And yet, when Bangladesh moves to arrest a monk—Chinmoy Das—for allegedly inciting violence and engaging in anti-state activities, Indian media erupts in collective outrage. Das’s followers allegedly murdered a Muslim government lawyer in Chattogram. But what was the narrative in India? That Das had been “persecuted.” Protests were staged outside Bangladeshi embassies. In Agartala, the consulate was attacked. The Indian government did not urge restraint.
One wonders: is justice still blind, or does it now squint through saffron-tinted glasses?
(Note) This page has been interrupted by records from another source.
definition diag_pow :: "nat \<Rightarrow> 'a::comm_ring_1 \<Rightarrow> (nat \<Rightarrow> nat) \<Rightarrow> 'a mat" where
  "diag_pow m t e = mat m m (\<lambda>(i, j). if i = j then t ^ e i else 0)"

definition elementary_divisor_exponents :: "'a::comm_ring_1 \<Rightarrow> nat \<Rightarrow> 'a mat \<Rightarrow> (nat \<Rightarrow> nat) \<Rightarrow> bool" where
  "elementary_divisor_exponents t m A e \<longleftrightarrow>
     (\<forall>i j. i \<le> j \<and> j < m \<longrightarrow> e i \<le> e j) \<and>
     (\<exists>U W. U \<in> carrier_mat m m \<and> W \<in> carrier_mat m m \<and>
        invertible_mat U \<and> invertible_mat W \<and> A = U * diag_pow m t e * W)"

end

theory Submission
  imports Defs "Jordan_Normal_Form.Determinant"
begin

(* Write N_a(x) = (x - xi_0) ... (x - xi_(a-1)) for the Newton basis and d_a for the claimed
   valuations. Passing from monomials to the Newton basis is a unitriangular change of basis
   turning V_xi into (N_a(xi_b))_(a,b); minimal ordering says precisely that N_a(xi_a), of
   valuation d_a, divides every N_a(xi_b). Hence this matrix is diag(t^d_a) times an upper
   triangular matrix with unit diagonal, which gives the elementary divisors. Interpolating N_i
   at xi_0, ..., xi_(j-1) expresses L_(i,j) by the integral quotients N_i(xi_k) / N_i(xi_i) and
   the L_(k,j) with i < k < j, so integrality follows by descending induction on i.
   Uniqueness of the exponents: the number of e_i >= n is the largest rank of a free direct
   summand that A maps into t^n T^m, an invariant of equivalence; for diagonal matrices it is
   computed by reducing determinants modulo t. *)

section \<open>Matrices over commutative rings\<close>

lemma invertible_mat_if_det_dvd_1:
  fixes A :: "'a::comm_ring_1 mat"
  assumes A: "A \<in> carrier_mat n n" and "det A dvd 1"
  shows "invertible_mat A"
proof -
  obtain w where w: "1 = det A * w" using \<open>det A dvd 1\<close> by (auto elim: dvdE)
  define B where "B = w \<cdot>\<^sub>m adj_mat A"
  have B: "B \<in> carrier_mat n n" using adj_mat[OF A] unfolding B_def by simp
  have "A * B = w \<cdot>\<^sub>m (A * adj_mat A)"
    unfolding B_def using adj_mat[OF A] A by (simp add: mult_smult_distrib)
  also have "\<dots> = 1\<^sub>m n" using adj_mat[OF A] w by (auto intro!: eq_matI simp: mult.commute)
  finally have AB: "A * B = 1\<^sub>m n" .
  have "B * A = w \<cdot>\<^sub>m (adj_mat A * A)"
    unfolding B_def using adj_mat[OF A] A by (simp add: mult_smult_assoc_mat)
  also have "\<dots> = 1\<^sub>m n" using adj_mat[OF A] w by (auto intro!: eq_matI simp: mult.commute)
  finally have BA: "B * A = 1\<^sub>m n" .
  show ?thesis unfolding invertible_mat_def inverts_mat_def using A B AB BA by auto
qed

lemma invertible_matE:
  fixes A :: "'a::semiring_1 mat"
  assumes "invertible_mat A" "A \<in> carrier_mat n n"
  obtains B where "B \<in> carrier_mat n n" "A * B = 1\<^sub>m n" "B * A = 1\<^sub>m n"
proof -
  from assms obtain B where "A * B = 1\<^sub>m (dim_row A)" "B * A = 1\<^sub>m (dim_row B)"
    unfolding invertible_mat_def inverts_mat_def by auto
  moreover have "dim_row B = n" "dim_col B = n" using calculation assms
    by (metis carrier_matD index_mult_mat(2,3) index_one_mat(2,3))+
  ultimately show ?thesis using that assms by auto
qed

lemma dvd_prod_diff_1:
  fixes f :: "'b \<Rightarrow> 'a::comm_ring_1"
  assumes "finite S" "\<And>i. i \<in> S \<Longrightarrow> t dvd f i - 1"
  shows "t dvd prod f S - 1"
  using assms
proof (induction S rule: finite_induct)
  case (insert x F)
  have "prod f (insert x F) - 1 = (f x - 1) * prod f F + (prod f F - 1)"
    using insert by (simp add: algebra_simps)
  also have "t dvd \<dots>" using insert by (intro dvd_add) auto
  finally show ?case .
qed simp

lemma dvd_det_diff_1:
  fixes A :: "'a::comm_ring_1 mat"
  assumes A: "A \<in> carrier_mat k k"
    and cong: "\<And>i j. i < k \<Longrightarrow> j < k \<Longrightarrow> t dvd A $$ (i, j) - (if i = j then 1 else 0)"
  shows "t dvd det A - 1"
proof -
  let ?P = "{p. p permutes {0..<k}}"
  have "(\<Sum>p\<in>?P. (if p = id then 1 else 0 :: 'a)) = 1"
    by (simp add: sum.delta' permutes_id finite_permutations)
  then have "det A - 1 =
      (\<Sum>p\<in>?P. signof p * (\<Prod>i=0..<k. A $$ (i, p i)) - (if p = id then 1 else 0))"
    unfolding det_def'[OF A] sum_subtractf by simp
  also have "t dvd \<dots>"
  proof (rule dvd_sum)
    fix p assume p: "p \<in> ?P"
    show "t dvd signof p * (\<Prod>i=0..<k. A $$ (i, p i)) - (if p = id then 1 else 0)"
    proof (cases "p = id")
      case True
      have "t dvd (\<Prod>i=0..<k. A $$ (i, p i)) - 1"
        by (rule dvd_prod_diff_1) (use cong True in force)+
      then show ?thesis using True by (simp add: sign_id)
    next
      case False
      then obtain i where i: "p i \<noteq> i" by (meson eq_id_iff)
      have ik: "i < k" using p i unfolding permutes_def by auto
      have "p i < k" using permutes_in_image[OF p[simplified]] ik by simp
      then have "t dvd A $$ (i, p i)" using cong[OF ik] i by force
      also have "\<dots> dvd (\<Prod>i=0..<k. A $$ (i, p i))" by (rule dvd_prodI) (use ik in auto)
      finally show ?thesis using False by simp
    qed
  qed
  finally show ?thesis .
qed

lemma det_eq_0_if_zero_row:
  fixes A :: "'a::comm_ring_1 mat"
  assumes A: "A \<in> carrier_mat k k" and r: "r < k" and zero: "\<And>j. j < k \<Longrightarrow> A $$ (r, j) = 0"
  shows "det A = 0"
proof -
  have "(\<Prod>i=0..<k. A $$ (i, p i)) = 0" if p: "p permutes {0..<k}" for p
    using r zero permutes_in_image[OF p, of r] by (intro prod_zero) (auto intro!: bexI[of _ r])
  then show ?thesis unfolding det_def'[OF A] by simp
qed

text \<open>Modulo t the identity S * Z = 1 factors through the rows in J; padding to square
  matrices, this would give a k \<times> k determinant that is 0 and 1 modulo t.\<close>

lemma card_ge_if_left_inverse_rows_dvd:
  fixes t :: "'a::comm_ring_1"
  assumes tu: "\<not> t dvd 1" and J: "J \<subseteq> {0..<m}"
    and Z: "Z \<in> carrier_mat m k" and S: "S \<in> carrier_mat k m" and SZ: "S * Z = 1\<^sub>m k"
    and dvd: "\<And>i b. i < m \<Longrightarrow> i \<notin> J \<Longrightarrow> b < k \<Longrightarrow> t dvd Z $$ (i, b)"
  shows "k \<le> card J"
proof (rule ccontr)
  define c where "c = card J"
  assume "\<not> k \<le> card J"
  then have ck: "c < k" unfolding c_def by simp
  have "finite J" using J finite_subset by blast
  then obtain h where h: "bij_betw h {0..<c} J" using ex_bij_betw_nat_finite c_def by blast
  define S' where "S' = mat k k (\<lambda>(a, l). if l < c then S $$ (a, h l) else 0)"
  define Z' where "Z' = mat k k (\<lambda>(l, b). if l < c then Z $$ (h l, b) else 0)"
  have S': "S' \<in> carrier_mat k k" and Z': "Z' \<in> carrier_mat k k" unfolding S'_def Z'_def by auto
  have "det Z' = 0" by (rule det_eq_0_if_zero_row[OF Z' ck]) (simp add: Z'_def ck)
  then have det0: "det (S' * Z') = 0" using det_mult[OF S' Z'] by simp
  have cong: "t dvd (S' * Z') $$ (a, b) - (if a = b then 1 else 0)" if a: "a < k" and b: "b < k" for a b
  proof -
    have "(S' * Z') $$ (a, b) =
        (\<Sum>l = 0..<k. (if l < c then S $$ (a, h l) else 0) * (if l < c then Z $$ (h l, b) else 0))"
      using a b by (simp add: S'_def Z'_def scalar_prod_def)
    also have "\<dots> = (\<Sum>l = 0..<c. S $$ (a, h l) * Z $$ (h l, b))"
      by (rule sum.mono_neutral_cong_right) (use ck in auto)
    also have "\<dots> = (\<Sum>i\<in>J. S $$ (a, i) * Z $$ (i, b))" by (rule sum.reindex_bij_betw[OF h])
    finally have SZ'_eq: "(S' * Z') $$ (a, b) = (\<Sum>i\<in>J. S $$ (a, i) * Z $$ (i, b))" .
    have "(if a = b then 1 else 0) = (S * Z) $$ (a, b)" using SZ a b by simp
    also have "\<dots> = (\<Sum>i = 0..<m. S $$ (a, i) * Z $$ (i, b))"
      using a b S Z by (simp add: scalar_prod_def)
    also have "\<dots> = (S' * Z') $$ (a, b) + (\<Sum>i\<in>{0..<m} - J. S $$ (a, i) * Z $$ (i, b))"
      unfolding SZ'_eq using sum.subset_diff[OF J] by (simp add: add.commute)
    finally have "(S' * Z') $$ (a, b) - (if a = b then 1 else 0) =
        - (\<Sum>i\<in>{0..<m} - J. S $$ (a, i) * Z $$ (i, b))" by simp
    moreover have "t dvd (\<Sum>i\<in>{0..<m} - J. S $$ (a, i) * Z $$ (i, b))"
      by (rule dvd_sum) (use dvd b in auto)
    ultimately show ?thesis by simp
  qed
  have "t dvd det (S' * Z') - 1" by (rule dvd_det_diff_1[OF mult_carrier_mat[OF S' Z'] cong])
  then show False using det0 tu by simp
qed

section \<open>Uniqueness of elementary divisor exponents\<close>

lemma diag_pow_carrier [simp]:
  "diag_pow m t e \<in> carrier_mat m m" "dim_row (diag_pow m t e) = m" "dim_col (diag_pow m t e) = m"
  by (simp_all add: diag_pow_def)

lemma index_diag_pow_mult:
  assumes "Z \<in> carrier_mat m k" "i < m" "l < k"
  shows "(diag_pow m t e * Z) $$ (i, l) = t ^ e i * Z $$ (i, l)"
proof -
  have "(diag_pow m t e * Z) $$ (i, l) = (\<Sum>c = 0..<m. (if i = c then t ^ e i else 0) * Z $$ (c, l))"
    using assms by (simp add: diag_pow_def scalar_prod_def)
  also have "\<dots> = (\<Sum>c = 0..<m. if i = c then t ^ e i * Z $$ (c, l) else 0)"
    by (rule sum.cong) auto
  finally show ?thesis using assms by simp
qed

text \<open>The columns of Z span a free direct summand of rank k of the module of columns
  (S is a left inverse of Z), and A maps this summand into t^n times the module.\<close>

definition annihilates_summand_mod_pow :: "'a::comm_ring_1 \<Rightarrow> nat \<Rightarrow> 'a mat \<Rightarrow> nat \<Rightarrow> nat \<Rightarrow> bool"
  where "annihilates_summand_mod_pow t m A n k \<longleftrightarrow>
    (\<exists>Z S Z'. Z \<in> carrier_mat m k \<and> S \<in> carrier_mat k m \<and> Z' \<in> carrier_mat m k \<and>
      A * Z = t ^ n \<cdot>\<^sub>m Z' \<and> S * Z = 1\<^sub>m k)"

lemma annihilates_summand_mod_pow_mult:
  fixes A :: "'a::comm_ring_1 mat"
  assumes A: "A \<in> carrier_mat m m" and X: "X \<in> carrier_mat m m" and Y: "Y \<in> carrier_mat m m"
    and Y': "Y' \<in> carrier_mat m m" and YY': "Y * Y' = 1\<^sub>m m"
    and "annihilates_summand_mod_pow t m A n k"
  shows "annihilates_summand_mod_pow t m (X * A * Y) n k"
proof -
  from assms(6) obtain Z S Z' where Z: "Z \<in> carrier_mat m k" and S: "S \<in> carrier_mat k m"
    and Z': "Z' \<in> carrier_mat m k" and AZ: "A * Z = t ^ n \<cdot>\<^sub>m Z'" and SZ: "S * Z = 1\<^sub>m k"
    unfolding annihilates_summand_mod_pow_def by blast
  have "Y * (Y' * Z) = Y * Y' * Z" by (rule assoc_mult_mat[symmetric, OF Y Y' Z])
  then have YY'Z: "Y * (Y' * Z) = Z" using YY' Z by simp
  have "X * A * Y * (Y' * Z) = X * A * (Y * (Y' * Z))"
    using X A Y Y' Z by (intro assoc_mult_mat) auto
  also have "\<dots> = X * (A * Z)" using YY'Z X A Z by (simp add: assoc_mult_mat)
  also have "\<dots> = t ^ n \<cdot>\<^sub>m (X * Z')" using AZ X Z' by (simp add: mult_smult_distrib)
  finally have "X * A * Y * (Y' * Z) = t ^ n \<cdot>\<^sub>m (X * Z')" .
  moreover have "S * Y * (Y' * Z) = 1\<^sub>m k"
    using assoc_mult_mat[OF S Y mult_carrier_mat[OF Y' Z]] YY'Z SZ by simp
  ultimately show ?thesis unfolding annihilates_summand_mod_pow_def using Y' Z S Y X Z'
    by (intro exI[of _ "Y' * Z"] exI[of _ "S * Y"] exI[of _ "X * Z'"]) auto
qed

lemma annihilates_summand_mod_pow_equivalent:
  fixes A :: "'a::comm_ring_1 mat"
  assumes U: "U \<in> carrier_mat m m" and W: "W \<in> carrier_mat m m" and D: "D \<in> carrier_mat m m"
    and "invertible_mat U" "invertible_mat W" and A: "A = U * D * W"
  shows "annihilates_summand_mod_pow t m A n k \<longleftrightarrow> annihilates_summand_mod_pow t m D n k"
proof -
  obtain U' where U': "U' \<in> carrier_mat m m" "U * U' = 1\<^sub>m m" "U' * U = 1\<^sub>m m"
    using invertible_matE[OF \<open>invertible_mat U\<close> U] by blast
  obtain W' where W': "W' \<in> carrier_mat m m" "W * W' = 1\<^sub>m m" "W' * W = 1\<^sub>m m"
    using invertible_matE[OF \<open>invertible_mat W\<close> W] by blast
  have Ac: "A \<in> carrier_mat m m" using A U W D by simp
  have "A * W' = U * D * (W * W')" unfolding A using U D W W' by (intro assoc_mult_mat) auto
  then have AW': "A * W' = U * D" using W'(2) U D by simp
  have "U' * A * W' = U' * (A * W')" by (rule assoc_mult_mat[OF U'(1) Ac W'(1)])
  also have "\<dots> = U' * U * D" unfolding AW' by (rule assoc_mult_mat[symmetric, OF U'(1) U D])
  finally have D_eq: "U' * A * W' = D" using U'(3) D by simp
  show ?thesis
    using annihilates_summand_mod_pow_mult[OF D U W W'(1,2), of t n k]
      annihilates_summand_mod_pow_mult[OF Ac U'(1) W'(1) W W'(3), of t n k]
    unfolding A[symmetric] D_eq by blast
qed

lemma annihilates_summand_mod_pow_diag_powI:
  fixes t :: "'a::comm_ring_1"
  assumes k: "k \<le> card {i. i < m \<and> n \<le> e i}"
  shows "annihilates_summand_mod_pow t m (diag_pow m t e) n k"
proof -
  define J where "J = {i. i < m \<and> n \<le> e i}"
  obtain h where h: "bij_betw h {0..<card J} J"
    using ex_bij_betw_nat_finite[of J] unfolding J_def by auto
  have hJ: "l < k \<Longrightarrow> h l < m \<and> n \<le> e (h l)" for l
    using h k bij_betwE unfolding J_def by fastforce
  have hinj: "a < k \<Longrightarrow> b < k \<Longrightarrow> h a = h b \<Longrightarrow> a = b" for a b
    using h k unfolding J_def bij_betw_def inj_on_def by auto
  define Z where "Z = mat m k (\<lambda>(i, l). if i = h l then (1::'a) else 0)"
  define S where "S = mat k m (\<lambda>(l, i). if i = h l then (1::'a) else 0)"
  define Z' where "Z' = mat m k (\<lambda>(i, l). if i = h l then t ^ (e i - n) else 0)"
  have Z: "Z \<in> carrier_mat m k" and S: "S \<in> carrier_mat k m" and Z': "Z' \<in> carrier_mat m k"
    unfolding Z_def S_def Z'_def by auto
  have "diag_pow m t e * Z = t ^ n \<cdot>\<^sub>m Z'"
  proof (rule eq_matI)
    fix i l assume "i < dim_row (t ^ n \<cdot>\<^sub>m Z')" "l < dim_col (t ^ n \<cdot>\<^sub>m Z')"
    then have i: "i < m" and l: "l < k" using Z' by auto
    have "i = h l \<Longrightarrow> t ^ e i = t ^ n * t ^ (e i - n)" using hJ[OF l] by (simp flip: power_add)
    then show "(diag_pow m t e * Z) $$ (i, l) = (t ^ n \<cdot>\<^sub>m Z') $$ (i, l)"
      using index_diag_pow_mult[OF Z i l] i l by (simp add: Z_def Z'_def)
  qed (use Z Z' in auto)
  moreover have "S * Z = 1\<^sub>m k"
  proof (rule eq_matI)
    fix a b assume "a < dim_row (1\<^sub>m k :: 'a mat)" "b < dim_col (1\<^sub>m k :: 'a mat)"
    then have a: "a < k" and b: "b < k" by auto
    have "(S * Z) $$ (a, b) = (\<Sum>i = 0..<m. (if i = h a then 1 else 0) * (if i = h b then 1 else 0))"
      using a b S Z by (simp add: S_def Z_def scalar_prod_def)
    also have "\<dots> = (\<Sum>i = 0..<m. if i = h a then (if h a = h b then 1 else 0) else 0)"
      by (rule sum.cong) auto
    also have "\<dots> = (if a = b then 1 else 0)" using hJ[OF a] hinj[OF a b] by auto
    finally show "(S * Z) $$ (a, b) = 1\<^sub>m k $$ (a, b)" using a b by simp
  qed (use S Z in auto)
  ultimately show ?thesis unfolding annihilates_summand_mod_pow_def using Z S Z' by blast
qed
The weaponisation of Bangladesh’s internal affairs has become a staple of Indian electoral politics, especially in states like Assam, West Bengal, and Jharkhand. The BJP routinely paints Bangladeshis as infiltrators—vote-stealing, job-grabbing “aliens”—who must be expelled to preserve India’s mythical purity. Ironically, this very narrative is now being turned on its head with the claim that Bangladeshi miscreants were behind the violence in Murshidabad. No evidence has been offered. No investigation concluded. Just the usual scapegoating, now export-grade.
Meanwhile, the relationship between the two neighbouring countries has frayed considerably since the ouster of Sheikh Hasina. India has grown wary of the new political players in Dhaka, especially those student leaders who led the uprising and are perceived as less pliant than their predecessors. On the Bangladeshi street, the sentiment towards India has turned from indifferent to frosty.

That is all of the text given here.